– Почему?
– Не рискнули везти за город по пустой дороге, к тому же служба безопасности в гостинице до сегодняшнего дня не допускала ни единого прокола. Но Борис Исаакович решил усилить охрану вашей сестры собственными секьюрити, а до их прибытия оставил меня дежурить в номере Виктории.
– Значит, это вы лично несете ответственность за случившееся? – еле сдерживаясь, процедил Слава.
– Мы все.
– Кто – все, кто – все?! Именно вы были в номере, верно?

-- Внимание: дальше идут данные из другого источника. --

(* Let $\theta>0$ and consider the Softplus network $a^{(0)}=x$, $z^{(l)}=b^{(l)}+W^{(l)}a^{(l-1)}$, $a^{(l)}=\sigma_\theta(z^{(l)})$ with $\sigma_\theta(z)=\theta\log(1+e^{z/\theta})$. Assume $\gamma^{(l)}_i>0$ for all $l,i$. Fix $m\ge1$, a neuron $j$ of layer $m$, a label $q$, and $u=s^{(m)}_{j,q}$. Then for every $0\le l\le m$ and neuron $i$ of layer $l$, $\partial a^{(m)}_j/\partial a^{(l)}_i=\xi_{q,+}\bigl(\Gamma^\theta_u(s^{(l)}_{i,+})-\Gamma^\theta_u(s^{(l)}_{i,-})\bigr)$, where $\partial a^{(m)}_j/\partial a^{(l)}_i=[D^{(m)}W^{(m)}\cdots D^{(l+1)}W^{(l+1)}]_{ji}$ with $D^{(l')}=\mathrm{diag}(\sigma'_\theta(z^{(l')}))$.
   Context: $\sigma'_\theta(z)=1/(1+e^{-z/\theta})$. $W^{(l,\pm)}=(W^{(l)})^\pm$ entrywise ($u^\pm=\max(\pm u,0)$). Labels $r,r',q\in\{+,-\}$; $r\oplus r'=+$ if $r=r'$, else $-$; $\xi_{q,+}=1$ if $q=+$, $-1$ if $q=-$. Soft Stopping-Game chain: states $s^{(l)}_{i,r}$ ($0\le l\le L$) plus a cemetery $\perp$. From $s^{(l)}_{i,r}$ with $l\ge1$: with probability $1-\sigma'_\theta(z^{(l)}_i)$ go to $\perp$; with probability $\sigma'_\theta(z^{(l)}_i)\,W^{(l,r\oplus r')}_{ih}/\gamma^{(l)}_i$ go to $s^{(l-1)}_{h,r'}$, where $\gamma^{(l)}_i=\sum_h|W^{(l)}_{ih}|$, and such a continuation carries discount factor $\gamma^{(l)}_i$. Layer-0 states and $\perp$ are terminal. For a trajectory $\tau$ from $\tau_0=u$, $d_0=1$ and $d_t$ is the product of the discount factors of the continuations taken before time $t$. $\Gamma^\theta_u(v)=\mathbb{E}[\sum_t d_t\mathbf 1\{\tau_t=v\}]$. *)

theory Defs
  imports Complex_Main
begin

definition softplus :: "real \<Rightarrow> real \<Rightarrow> real" where
  "softplus \<theta> t = \<theta> * ln (1 + exp (t / \<theta>))"

definition dsoftplus :: "real \<Rightarrow> real \<Rightarrow> real" where
  "dsoftplus \<theta> t = 1 / (1 + exp (- t / \<theta>))"

(* Network: widths n l, weights W l i h (= W^(l)_{ih}, i < n l, h < n (l-1)),
   biases b l i, input x.  act l = a^(l). *)
primrec act :: "real \<Rightarrow> (nat \<Rightarrow> nat \<Rightarrow> nat \<Rightarrow> real) \<Rightarrow> (nat \<Rightarrow> nat \<Rightarrow> real)
    \<Rightarrow> (nat \<Rightarrow> real) \<Rightarrow> (nat \<Rightarrow> nat) \<Rightarrow> nat \<Rightarrow> nat \<Rightarrow> real" where
  "act \<theta> W b x n 0 i = x i"
| "act \<theta> W b x n (Suc l) i =
     softplus \<theta> (b (Suc l) i + (\<Sum>h<n l. W (Suc l) i h * act \<theta> W b x n l h))"

(* pre-activation z^(l)_i for l \<ge> 1 (z^(0) is not used) *)
definition preact :: "real \<Rightarrow> (nat \<Rightarrow> nat \<Rightarrow> nat \<Rightarrow> real) \<Rightarrow> (nat \<Rightarrow> nat \<Rightarrow> real)
    \<Rightarrow> (nat \<Rightarrow> real) \<Rightarrow> (nat \<Rightarrow> nat) \<Rightarrow> nat \<Rightarrow> nat \<Rightarrow> real" where
  "preact \<theta> W b x n l i =
     (if l = 0 then 0 else b l i + (\<Sum>h<n (l - 1). W l i h * act \<theta> W b x n (l - 1) h))"

(* [D^(m) W^(m) ... D^(l+1) W^(l+1)]_{ji}; identity when m = l *)
primrec jac :: "real \<Rightarrow> (nat \<Rightarrow> nat \<Rightarrow> nat \<Rightarrow> real) \<Rightarrow> (nat \<Rightarrow> nat \<Rightarrow> real)
    \<Rightarrow> (nat \<Rightarrow> real) \<Rightarrow> (nat \<Rightarrow> nat) \<Rightarrow> nat \<Rightarrow> nat \<Rightarrow> nat \<Rightarrow> nat \<Rightarrow> real" where
  "jac \<theta> W b x n l 0 j i = (if j = i then 1 else 0)"
| "jac \<theta> W b x n l (Suc k) j i =
     (if Suc k \<le> l then (if j = i then 1 else 0)
      else dsoftplus \<theta> (preact \<theta> W b x n (Suc k) j) *
           (\<Sum>h<n k. W (Suc k) j h * jac \<theta> W b x n l k h i))"

definition gam :: "(nat \<Rightarrow> nat \<Rightarrow> nat \<Rightarrow> real) \<Rightarrow> (nat \<Rightarrow> nat) \<Rightarrow> nat \<Rightarrow> nat \<Rightarrow> real" where
  "gam W n l i = (\<Sum>h<n (l - 1). \<bar>W l i h\<bar>)"

(* States of the Soft Stopping-Game chain: S l i r = s^(l)_{i,r} (r = True means +),
   Bot = cemetery *)
datatype st = S nat nat bool | Bot

definition states :: "(nat \<Rightarrow> nat) \<Rightarrow> nat \<Rightarrow> st set" where
  "states n L = {S l i r | l i r. l \<le> L \<and> i < n l} \<union> {Bot}"

definition sgnpart :: "bool \<Rightarrow> real \<Rightarrow> real" where
  "sgnpart r t = (if r then max t 0 else max (- t) 0)"

fun trans :: "real \<Rightarrow> (nat \<Rightarrow> nat \<Rightarrow> nat \<Rightarrow> real) \<Rightarrow> (nat \<Rightarrow> nat \<Rightarrow> real)
    \<Rightarrow> (nat \<Rightarrow> real) \<Rightarrow> (nat \<Rightarrow> nat) \<Rightarrow> st \<Rightarrow> st \<Rightarrow> real" where
  "trans \<theta> W b x n (S l i r) Bot =
     (if 1 \<le> l then 1 - dsoftplus \<theta> (preact \<theta> W b x n l i) else 0)"
| "trans \<theta> W b x n (S l i r) (S l' h r') =
     (if 1 \<le> l \<and> l' = l - 1
      then dsoftplus \<theta> (preact \<theta> W b x n l i) * sgnpart (r = r') (W l i h) / gam W n l i
      else 0)"
| "trans \<theta> W b x n Bot s = 0"

fun disc :: "(nat \<Rightarrow> nat \<Rightarrow> nat \<Rightarrow> real) \<Rightarrow> (nat \<Rightarrow> nat) \<Rightarrow> st \<Rightarrow> st \<Rightarrow> real" where
  "disc W n (S l i r) (S l' h r') = gam W n l i"
| "disc W n s s' = 1"

(* Gamma^theta_u(v) = E[ sum_t d_t 1{tau_t = v} ]
   = sum_t sum over state paths p = (tau_0,...,tau_t) with tau_0 = u, tau_t = v of
     P(path) * d_t *)
definition Gam :: "real \<Rightarrow> (nat \<Rightarrow> nat \<Rightarrow> nat \<Rightarrow> real) \<Rightarrow> (nat \<Rightarrow> nat \<Rightarrow> real)
    \<Rightarrow> (nat \<Rightarrow> real) \<Rightarrow> (nat \<Rightarrow> nat) \<Rightarrow> nat \<Rightarrow> st \<Rightarrow> st \<Rightarrow> real" where
  "Gam \<theta> W b x n L u v =
     (\<Sum>t. \<Sum>p\<in>{p. length p = Suc t \<and> set p \<subseteq> states n L \<and> p ! 0 = u \<and> p ! t = v}.
        (\<Prod>k<t. trans \<theta> W b x n (p ! k) (p ! Suc k)) *
        (\<Prod>k<t. disc W n (p ! k) (p ! Suc k)))"

end

theory Submission
  imports Defs
begin

(* Gamma_u(v) is a series over walk lengths t of discounted path weights.  Every continuation
   lowers the layer by one, so from s^(m)_{j,q} only walks of length m - l reach layer l and the
   series reduces to a single finite walk sum G.  Splitting off the first step, whose discount
   gamma^(k+1)_j cancels the normalisation of the transition probability, gives
     G_{d+1}(s^(k+1)_{j,q}, v) = sigma'(z^(k+1)_j) * sum_h sum_r W^(k+1, q (+) r)_{jh} G_d(s^(k)_{h,r}, v).
   Hence xi_q (G(., s_{i,+}) - G(., s_{i,-})) satisfies the recursion of the Jacobian product
   D^(k+1) W^(k+1) ..., because u^+ - u^- = u. *)

definition walks :: "'a set \<Rightarrow> nat \<Rightarrow> 'a \<Rightarrow> 'a \<Rightarrow> 'a list set" where
  "walks A t u v = {p. length p = Suc t \<and> set p \<subseteq> A \<and> p ! 0 = u \<and> p ! t = v}"

definition walk_sum :: "'a set \<Rightarrow> ('a \<Rightarrow> 'a \<Rightarrow> 'b::comm_semiring_1) \<Rightarrow> nat \<Rightarrow> 'a \<Rightarrow> 'a \<Rightarrow> 'b"
  where "walk_sum A w t u v = (\<Sum>p\<in>walks A t u v. \<Prod>k<t. w (p ! k) (p ! Suc k))"

lemma finite_walks: "finite A \<Longrightarrow> finite (walks A t u v)"
  by (rule finite_subset[OF _ finite_lists_length_eq[of A "Suc t"]]) (auto simp: walks_def)

lemma walk_sum_0: "walk_sum A w 0 u v = (if u = v \<and> u \<in> A then 1 else 0)"
proof -
  have "walks A 0 u v = (if u = v \<and> u \<in> A then {[u]} else {})"
    by (auto simp: walks_def length_Suc_conv)
  then show ?thesis by (auto simp: walk_sum_def)
qed

lemma walk_sum_outside:
  assumes "u \<notin> A"
  shows "walk_sum A w t u v = 0"
proof -
  have "u \<in> A" if "p \<in> walks A t u v" for p
    using that nth_mem[of 0 p] by (auto simp: walks_def)
  then have "walks A t u v = {}"
    using assms by blast
  then show ?thesis by (simp add: walk_sum_def)
qed
lemma trace_norm_isometry_mult_unitary:
  fixes L :: "'a \<Rightarrow> 'b \<Rightarrow> complex" and D :: "'b \<Rightarrow> 'b \<Rightarrow> complex" and R :: "'b \<Rightarrow> 'a \<Rightarrow> complex"
  assumes I: "finite I" and K: "finite K" and card: "card K = card I"
    and L: "\<And>q q'. q \<in> K \<Longrightarrow> q' \<in> K \<Longrightarrow> op_mult I (op_adjoint L) L q q' = op_id q q'"
    and R: "\<And>q q'. q \<in> K \<Longrightarrow> q' \<in> K \<Longrightarrow> op_mult I R (op_adjoint R) q q' = op_id q q'"
  shows "trace_norm I (op_mult K L (op_mult K D R)) = trace_norm K D"
proof -
  let ?N = "card I" and ?eI = "op_enum I" and ?eK = "op_enum K"
  have eI: "bij_betw ?eI {..<?N} I" using bij_betw_op_enum[OF I] .
  have eK: "bij_betw ?eK {..<?N} K" using bij_betw_op_enum[OF K] card by simp
  define LM DM RM where "LM = mat_of_op ?eI ?eK ?N ?N L" and "DM = mat_of_op ?eK ?eK ?N ?N D"
    and "RM = mat_of_op ?eK ?eI ?N ?N R"
  have "trace_norm I (op_mult K L (op_mult K D R)) = trace_norm_mat (LM * (DM * RM))"
    by (simp add: trace_norm_def op_to_mat_eq_mat_of_op LM_def DM_def RM_def
        mat_of_op_op_mult[OF eK])
  also have "\<dots> = trace_norm_mat (DM * RM)"
  proof (rule trace_norm_mat_isometry_mult[where m = ?N and k = ?N])
    show "mat_adjoint LM * LM = 1\<^sub>m ?N"
      unfolding LM_def mat_adjoint_mat_of_op mat_of_op_op_mult[OF eI, symmetric]
      by (rule mat_of_op_eq_one_mat[OF eK L])
  qed (simp_all add: LM_def DM_def RM_def mult_carrier_mat[of _ ?N ?N _ ?N])
  also have "\<dots> = trace_norm_mat DM"
  proof (rule trace_norm_mat_mult_unitary[where m = ?N])
    show "RM * mat_adjoint RM = 1\<^sub>m ?N"
      unfolding RM_def mat_adjoint_mat_of_op mat_of_op_op_mult[OF eI, symmetric]
      by (rule mat_of_op_eq_one_mat[OF eK R])
  qed (simp_all add: DM_def RM_def)
  also have "\<dots> = trace_norm K D"
    by (simp add: trace_norm_def op_to_mat_eq_mat_of_op DM_def card)
  finally show ?thesis .
qed

section \<open>The pre-measurement state in product coordinates\<close>

definition cfg_restrict :: "nat set \<Rightarrow> (nat \<Rightarrow> nat) \<Rightarrow> nat \<Rightarrow> nat" where
  "cfg_restrict S g = (\<lambda>k. if k \<in> S then g k else 0)"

– Был. Но еще раз повторюсь, мы и предположить не могли, что Портнов станет действовать так нагло. Его люди сначала ворвались в комнату видеонаблюдения, вырубили охранника, разбили все оборудование, чтобы не было видеозаписей, доказывающих участие Портнова в похищении девушки.
– Да зачем доказательства, все ведь и так понятно!
– Портнов рассчитывал, видимо, на законный судебный процесс, в котором нужны прямые улики.
– А что, господин Кульгирович обычно решает свои проблемы законодательным путем?
– В большинстве случаев. Но все знают, что бывает и по-другому, поэтому мы не ожидали столь наглых действий. Похоже, у Портнова совсем крышу снесло, и он спешил наказать виновницу тотального унижения.
– Но какое отношение моя сестра имеет к его собственному недержанию мочи? Пить надо меньше!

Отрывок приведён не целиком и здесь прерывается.